[FEA] df.explode with multiple columns

rapidsai / cudf

cuDF - GPU DataFrame Library

https://docs.rapids.ai/api/cudf/stable/

Apache License 2.0

8.03k stars 872 forks source link

[FEA] df.explode with multiple columns #10271

Open ayushdg opened 2 years ago

ayushdg commented 2 years ago

Is your feature request related to a problem? Please describe. Pandas supports exploding multiple columns with df.explode, but currently cudf fails for that case.

Describe the solution you'd like Support explode with multiple column names. The doc contains an example of the expected output from a multi column explode: https://pandas.pydata.org/docs/reference/api/pandas.DataFrame.explode.html#pandas-dataframe-explode

Describe alternatives you've considered I haven't been able to come up with a workaround to this, but it might be 2 separate explodes + a merge of some kind to get to the same result.

Additional context Add any other context, code examples, or references to existing implementations about the feature request here.

beckernick commented 2 years ago

I think this could possibly be done with the workaround you suggest and adding a bit of index "magic" because we know that all columns being exploded must have, for any given row, each list must have the same number of elements.

If you create a monotonically increasing id , you can merge with that key across your frames. Then, I think you can leverage the = elements per list requirement to do something like:

original_df = ...
merged_result = ...

index_repeats = = original_df.repeat(original_df[col].list.len().replace(0, 1)) # dont drop ones with 0 elements, so set as 1
merged_result.set_index(cudf.RangeIndex(start=0, stop=len(original_df)).repeat(index_repeats))

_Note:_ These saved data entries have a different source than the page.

lemma Lp_int_bounded_if_SUP_Lp_norm_finite:
  assumes "(SUP f\<in>F. Lp_norm \<rho> p M f) < \<infinity>" "0 < p"
  obtains A where "0 \<le> A" "\<And>f. f \<in> F \<Longrightarrow> Lp_int \<rho> p M f \<le> ennreal A"
proof
  define c where "c = enn2real (SUP f\<in>F. Lp_norm \<rho> p M f) + 1"
  have "0 < c"
    using enn2real_nonneg[of "SUP f\<in>F. Lp_norm \<rho> p M f"] unfolding c_def by linarith
  have "(SUP f\<in>F. Lp_norm \<rho> p M f) < ennreal c"
    using assms(1) unfolding c_def by (cases "SUP f\<in>F. Lp_norm \<rho> p M f") (auto simp: ennreal_lessI)
  show "0 \<le> c powr p"
    by simp
  fix f assume "f \<in> F"
  then have "Lp_norm \<rho> p M f < ennreal c"
    using \<open>(SUP f\<in>F. Lp_norm \<rho> p M f) < ennreal c\<close> by (rule le_less_trans[OF SUP_upper])
  then show "Lp_int \<rho> p M f \<le> ennreal (c powr p)"
    using assms(2) \<open>0 < c\<close> by (simp add: Lp_norm_less_iff)
qed

lemma eventually_Lp_int_less:
  assumes "((\<lambda>t. SUP f\<in>F. Lp_norm \<rho> p M (h t f)) \<longlongrightarrow> 0) L" "0 < p" "0 < \<eta>"
  shows "\<forall>\<^sub>F t in L. \<forall>f\<in>F. Lp_int \<rho> p M (h t f) < ennreal \<eta>"
proof -
  have "\<forall>\<^sub>F t in L. (SUP f\<in>F. Lp_norm \<rho> p M (h t f)) < ennreal (\<eta> powr (1 / p))"
    using assms by (intro order_tendstoD(2)[OF assms(1)]) auto
  then show ?thesis
  proof eventually_elim
    case (elim t)
    have "Lp_norm \<rho> p M (h t f) < ennreal (\<eta> powr (1 / p))" if "f \<in> F" for f
      using le_less_trans[OF SUP_upper[OF that] elim] .
    then show ?case
      using assms(2,3) by (simp add: Lp_norm_less_iff powr_powr)
  qed
qed

locale metric_measure_space =
  fixes M :: "'a::metric_space measure"
  assumes sets_M: "sets M = sets borel"
    and emeasure_open_pos: "\<And>U. open U \<Longrightarrow> U \<noteq> {} \<Longrightarrow> 0 < emeasure M U"
    and emeasure_bounded_finite: "\<And>S. bounded S \<Longrightarrow> emeasure M S < \<infinity>"
    and measure_ball_symdiff_tendsto: "\<And>x r. 0 < r \<Longrightarrow>
      ((\<lambda>y. measure M ((ball x r - ball y r) \<union> (ball y r - ball x r))) \<longlongrightarrow> 0) (at x)"
begin

lemma borel_measurable_M: "borel_measurable M = borel_measurable borel"
  by (rule measurable_cong_sets[OF sets_M refl])

lemma ball_in_sets_M [measurable]: "ball x r \<in> sets M"
  using sets_M by simp

lemma fmeasurable_bounded: "S \<in> sets M \<Longrightarrow> bounded S \<Longrightarrow> S \<in> fmeasurable M"
  using emeasure_bounded_finite by (auto intro: fmeasurableI)

lemma measure_ball_pos: "0 < r \<Longrightarrow> 0 < measure M (ball x r)"
  using emeasure_open_pos[of "ball x r"] emeasure_bounded_finite[of "ball x r"]
  by (auto simp: measure_def enn2real_positive_iff)

lemma tendsto_measure_ball:
  assumes "0 < r"
  shows "((\<lambda>y. measure M (ball y r)) \<longlongrightarrow> measure M (ball x r)) (at x)"
proof -
  let ?D = "\<lambda>y. (ball x r - ball y r) \<union> (ball y r - ball x r)"
  have le: "measure M (ball u r) \<le> measure M (ball v r) + measure M (?D y)"
    if "u = x \<and> v = y \<or> u = y \<and> v = x" for u v y
  proof -
    have "measure M (ball u r) \<le> measure M (ball v r \<union> ?D y)"
      using that by (intro measure_mono_fmeasurable fmeasurable_bounded) auto
    also have "\<dots> \<le> measure M (ball v r) + measure M (?D y)"
      by (rule measure_Un_le) auto
    finally show ?thesis .
  qed
  have "((\<lambda>y. measure M (ball y r) - measure M (ball x r)) \<longlongrightarrow> 0) (at x)"
  proof (rule Lim_null_comparison[OF always_eventually measure_ball_symdiff_tendsto[OF assms]])
    show "\<forall>y. norm (measure M (ball y r) - measure M (ball x r)) \<le> measure M (?D y)"
    proof
      fix y
      show "norm (measure M (ball y r) - measure M (ball x r)) \<le> measure M (?D y)"
        using le[of y x y] le[of x y y] by (auto simp: abs_le_iff)
    qed
  qed
  then show ?thesis
    by (simp add: LIM_zero_iff)
qed

end

locale dominating_norm_family = metric_measure_space M for M :: "'a::metric_space measure" +
  fixes \<rho> :: "'a \<Rightarrow> complex^'n \<Rightarrow> real" and p :: real and a :: "'a \<Rightarrow> real"
  assumes p_gt_1: "1 < p"
    and is_cnorm_rho: "\<And>x. is_cnorm (\<rho> x)"
    and rho_measurable: "\<And>f. f \<in> borel_measurable M \<Longrightarrow> (\<lambda>x. \<rho> x (f x)) \<in> borel_measurable M"
    and weight_nonneg: "\<And>x. 0 \<le> a x"
    and norm_le_weight_rho: "\<And>x v. norm v \<le> a x * \<rho> x v"
    and weight_loc_integrable: "loc_integrable M (\<lambda>x. a x powr (p / (p - 1)))"
begin

definition p' :: real where "p' = p / (p - 1)"

lemma conjugate_exponent: "1 / p + 1 / p' = 1"
  using p_gt_1 by (simp add: p'_def field_simps)

lemma rho_nonneg: "0 \<le> \<rho> x v"
  using is_cnorm_rho[of x] by (simp add: is_cnorm_def)

lemma rho_triangle: "\<rho> x (v + w) \<le> \<rho> x v + \<rho> x w"
  using is_cnorm_rho[of x] by (simp add: is_cnorm_def)

lemma rho_minus: "\<rho> x (- v) = \<rho> x v"
proof -
  have "\<rho> x ((- 1) *s v) = cmod (- 1) * \<rho> x v"
    using is_cnorm_rho[of x] unfolding is_cnorm_def by blast
  moreover have "(- 1) *s v = - v"
    by (simp add: vec_eq_iff)
  ultimately show ?thesis
    by simp
qed

lemma rho_zero [simp]: "\<rho> x 0 = 0"
  using is_cnorm_rho[of x] by (simp add: is_cnorm_def)

lemma rho_minus_commute: "\<rho> x (v - w) = \<rho> x (w - v)"
  using rho_minus[of x "v - w"] by simp

lemma rho_diff_le: "\<rho> x (v - w) \<le> \<rho> x v + \<rho> x w"
  using rho_triangle[of x v "- w"] by (simp add: rho_minus)

lemmas [measurable] = rho_measurable
(* Let $(V,\nu,\tau,\tau^* )$ be a finite dimensional PN space such that $\tau^*$ is Archimedean, $\nu_p\neq\varepsilon_\infty$ for every $p\in V$, $\nu(V)\subseteq D^+$ and $\tau(D^+\times D^+)\subseteq D^+$, where the real scalar field is regarded as a PN space $(\mathbb{R},\nu',\tau',\tau'^{*})$ with $\tau'^{*}$ Archimedean, $\nu'_r\neq\varepsilon_\infty$ for all $r\in\mathbb{R}$, and $\nu'$ having the LG-property (for every $x>0$, $\lim_{r\to\infty}\nu'_r(x)=0$). Then a subset $A$ of $V$ is $D$-compact if and only if $A$ is $D$-bounded and closed (in the strong topology).
   Context: $\Delta^{+}$ is the set of functions $F:[-\infty,+\infty]\to[0,1]$ that are left-continuous on $\mathbb{R}$, nondecreasing, with $F(0)=0$ and $F(+\infty)=1$, ordered pointwise; $D^{+}=\{F\in\Delta^{+}: l^{-}F(+\infty)=1\}$, where $l^{-}f(x)=\lim_{t\to x^{-}}f(t)$. $\varepsilon_0$ is the d.f. equal to $0$ for $x\le0$ and $1$ for $x>0$; $\varepsilon_\infty$ is the d.f. equal to $0$ on all of $\mathbb{R}$. A triangle function is a map $\tau:\Delta^+\times\Delta^+\to\Delta^+$ that is associative, commutative, nondecreasing in each argument, with unit $\varepsilon_0$; it is Archimedean if its only idempotents are $\varepsilon_0$ and $\varepsilon_\infty$. A PN space is a quadruple $(V,\nu,\tau,\tau^* )$ with $V$ a real vector space, $\tau\le\tau^*$ continuous triangle functions, and $\nu:V\to\Delta^+$ such that for all $p,q\in V$: (N1) $\nu_p=\varepsilon_0$ iff $p=\theta$; (N2) $\nu_{-p}=\nu_p$; (N3) $\nu_{p+q}\ge\tau(\nu_p,\nu_q)$; (N4) $\nu_p\le\tau^*(\nu_{\lambda p},\nu_{(1-\lambda)p})$ for all $\lambda\in[0,1]$. The strong topology is generated by $N_p(\lambda)=\{q:\nu_{p-q}(\lambda)>1-\lambda\}$, $\lambda>0$; $(p_m)$ strongly converges to $p$ if for every $\lambda>0$ eventually $p_m\in N_p(\lambda)$. For nonempty $A\subseteq V$, $R_A(x)=l^{-}\inf\{\nu_q(x):q\in A\}$ for $x\in[0,+\infty)$, $R_A(+\infty)=1$; $A$ is $D$-bounded if $R_A\in D^+$. $A$ is $D$-compact if every sequence in $A$ has a subsequence strongly converging to a vector of $A$. *)

theory Defs
  imports "HOL-Analysis.Analysis"
begin

type_synonym dfun = "ereal \<Rightarrow> real"

definition Delta_plus :: "dfun set" where
  "Delta_plus = {F. (\<forall>x. 0 \<le> F x \<and> F x \<le> 1) \<and> mono F
      \<and> (\<forall>x::real. continuous (at_left x) (\<lambda>t. F (ereal t)))
      \<and> F 0 = 0 \<and> F PInfty = 1}"

definition D_plus :: "dfun set" where
  "D_plus = {F \<in> Delta_plus. ((\<lambda>t::real. F (ereal t)) \<longlongrightarrow> 1) at_top}"

definition eps0 :: dfun where
  "eps0 = (\<lambda>x. if x \<le> 0 then 0 else 1)"

definition epsinf :: dfun where
  "epsinf = (\<lambda>x. if x = PInfty then 1 else 0)"

definition triangle_function :: "(dfun \<Rightarrow> dfun \<Rightarrow> dfun) \<Rightarrow> bool" where
  "triangle_function T \<longleftrightarrow>
     (\<forall>F\<in>Delta_plus. \<forall>G\<in>Delta_plus. T F G \<in> Delta_plus)
   \<and> (\<forall>F\<in>Delta_plus. \<forall>G\<in>Delta_plus. \<forall>H\<in>Delta_plus. T (T F G) H = T F (T G H))
   \<and> (\<forall>F\<in>Delta_plus. \<forall>G\<in>Delta_plus. T F G = T G F)
   \<and> (\<forall>F\<in>Delta_plus. \<forall>G\<in>Delta_plus. \<forall>H\<in>Delta_plus. F \<le> G \<longrightarrow> T F H \<le> T G H)
   \<and> (\<forall>F\<in>Delta_plus. T F eps0 = F)"

definition archimedean_tf :: "(dfun \<Rightarrow> dfun \<Rightarrow> dfun) \<Rightarrow> bool" where
  "archimedean_tf T \<longleftrightarrow> (\<forall>F\<in>Delta_plus. T F F = F \<longrightarrow> F = eps0 \<or> F = epsinf)"

text \<open>Weak convergence in Delta_plus (equivalent to convergence in the modified
  Levy / Sibley metric d_S): convergence at every continuity point in (0,+inf).\<close>
definition weak_conv :: "(nat \<Rightarrow> dfun) \<Rightarrow> dfun \<Rightarrow> bool" where
  "weak_conv Fs F \<longleftrightarrow> (\<forall>x::real. 0 < x \<and> isCont (\<lambda>t. F (ereal t)) x
       \<longrightarrow> (\<lambda>n. Fs n (ereal x)) \<longlonglongrightarrow> F (ereal x))"

definition continuous_tf :: "(dfun \<Rightarrow> dfun \<Rightarrow> dfun) \<Rightarrow> bool" where
  "continuous_tf T \<longleftrightarrow> (\<forall>Fs Gs F G. (\<forall>n. Fs n \<in> Delta_plus \<and> Gs n \<in> Delta_plus)
      \<and> F \<in> Delta_plus \<and> G \<in> Delta_plus \<and> weak_conv Fs F \<and> weak_conv Gs G
      \<longrightarrow> weak_conv (\<lambda>n. T (Fs n) (Gs n)) (T F G))"

definition pn_space :: "('v::real_vector \<Rightarrow> dfun) \<Rightarrow> (dfun \<Rightarrow> dfun \<Rightarrow> dfun)
    \<Rightarrow> (dfun \<Rightarrow> dfun \<Rightarrow> dfun) \<Rightarrow> bool" where
  "pn_space \<nu> T Ts \<longleftrightarrow>
     triangle_function T \<and> triangle_function Ts \<and> continuous_tf T \<and> continuous_tf Ts
   \<and> (\<forall>F\<in>Delta_plus. \<forall>G\<in>Delta_plus. T F G \<le> Ts F G)
   \<and> (\<forall>p. \<nu> p \<in> Delta_plus)
   \<and> (\<forall>p. \<nu> p = eps0 \<longleftrightarrow> p = 0)
   \<and> (\<forall>p. \<nu> (- p) = \<nu> p)
   \<and> (\<forall>p q. \<nu> (p + q) \<ge> T (\<nu> p) (\<nu> q))
   \<and> (\<forall>p. \<forall>c::real. 0 \<le> c \<and> c \<le> 1 \<longrightarrow> \<nu> p \<le> Ts (\<nu> (c *\<^sub>R p)) (\<nu> ((1 - c) *\<^sub>R p)))"

definition strong_nbhd :: "('v::real_vector \<Rightarrow> dfun) \<Rightarrow> 'v \<Rightarrow> real \<Rightarrow> 'v set" where
  "strong_nbhd \<nu> p l = {q. \<nu> (p - q) (ereal l) > 1 - l}"

definition strong_open :: "('v::real_vector \<Rightarrow> dfun) \<Rightarrow> 'v set \<Rightarrow> bool" where
  "strong_open \<nu> U \<longleftrightarrow> (\<forall>p\<in>U. \<exists>l>0. strong_nbhd \<nu> p l \<subseteq> U)"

EDIT: This logic might get messy with more than a few columns, as you'd need to keep track of which frames get which columns

github-actions[bot] commented 2 years ago

This issue has been labeled inactive-30d due to no recent activity in the past 30 days. Please close this issue if no further response or action is needed. Otherwise, please respond with a comment indicating any updates or changes to the original issue and/or confirm this issue still needs to be addressed. This issue will be labeled inactive-90d if there is no activity in the next 60 days.

github-actions[bot] commented 2 years ago

This issue has been labeled inactive-90d due to no recent activity in the past 90 days. Please close this issue if no further response or action is needed. Otherwise, please respond with a comment indicating any updates or changes to the original issue and/or confirm this issue still needs to be addressed.

wence- commented 1 year ago

Just to note, I think that explode in libcudf is order-preserving. If so, you could just do:

columns = ...
current, *columns = columns
result = df.drop(set(columns) - {current}, axis=1).explode(current)
required_len = df[current].list.len()
while columns:
    current, *columns = columns
    if not (required_len == df[current].list.len()).all():
        raise ValueError(...)
    result[current] = df[current].explode()
result = result.reindex(df.keys(), axis=1)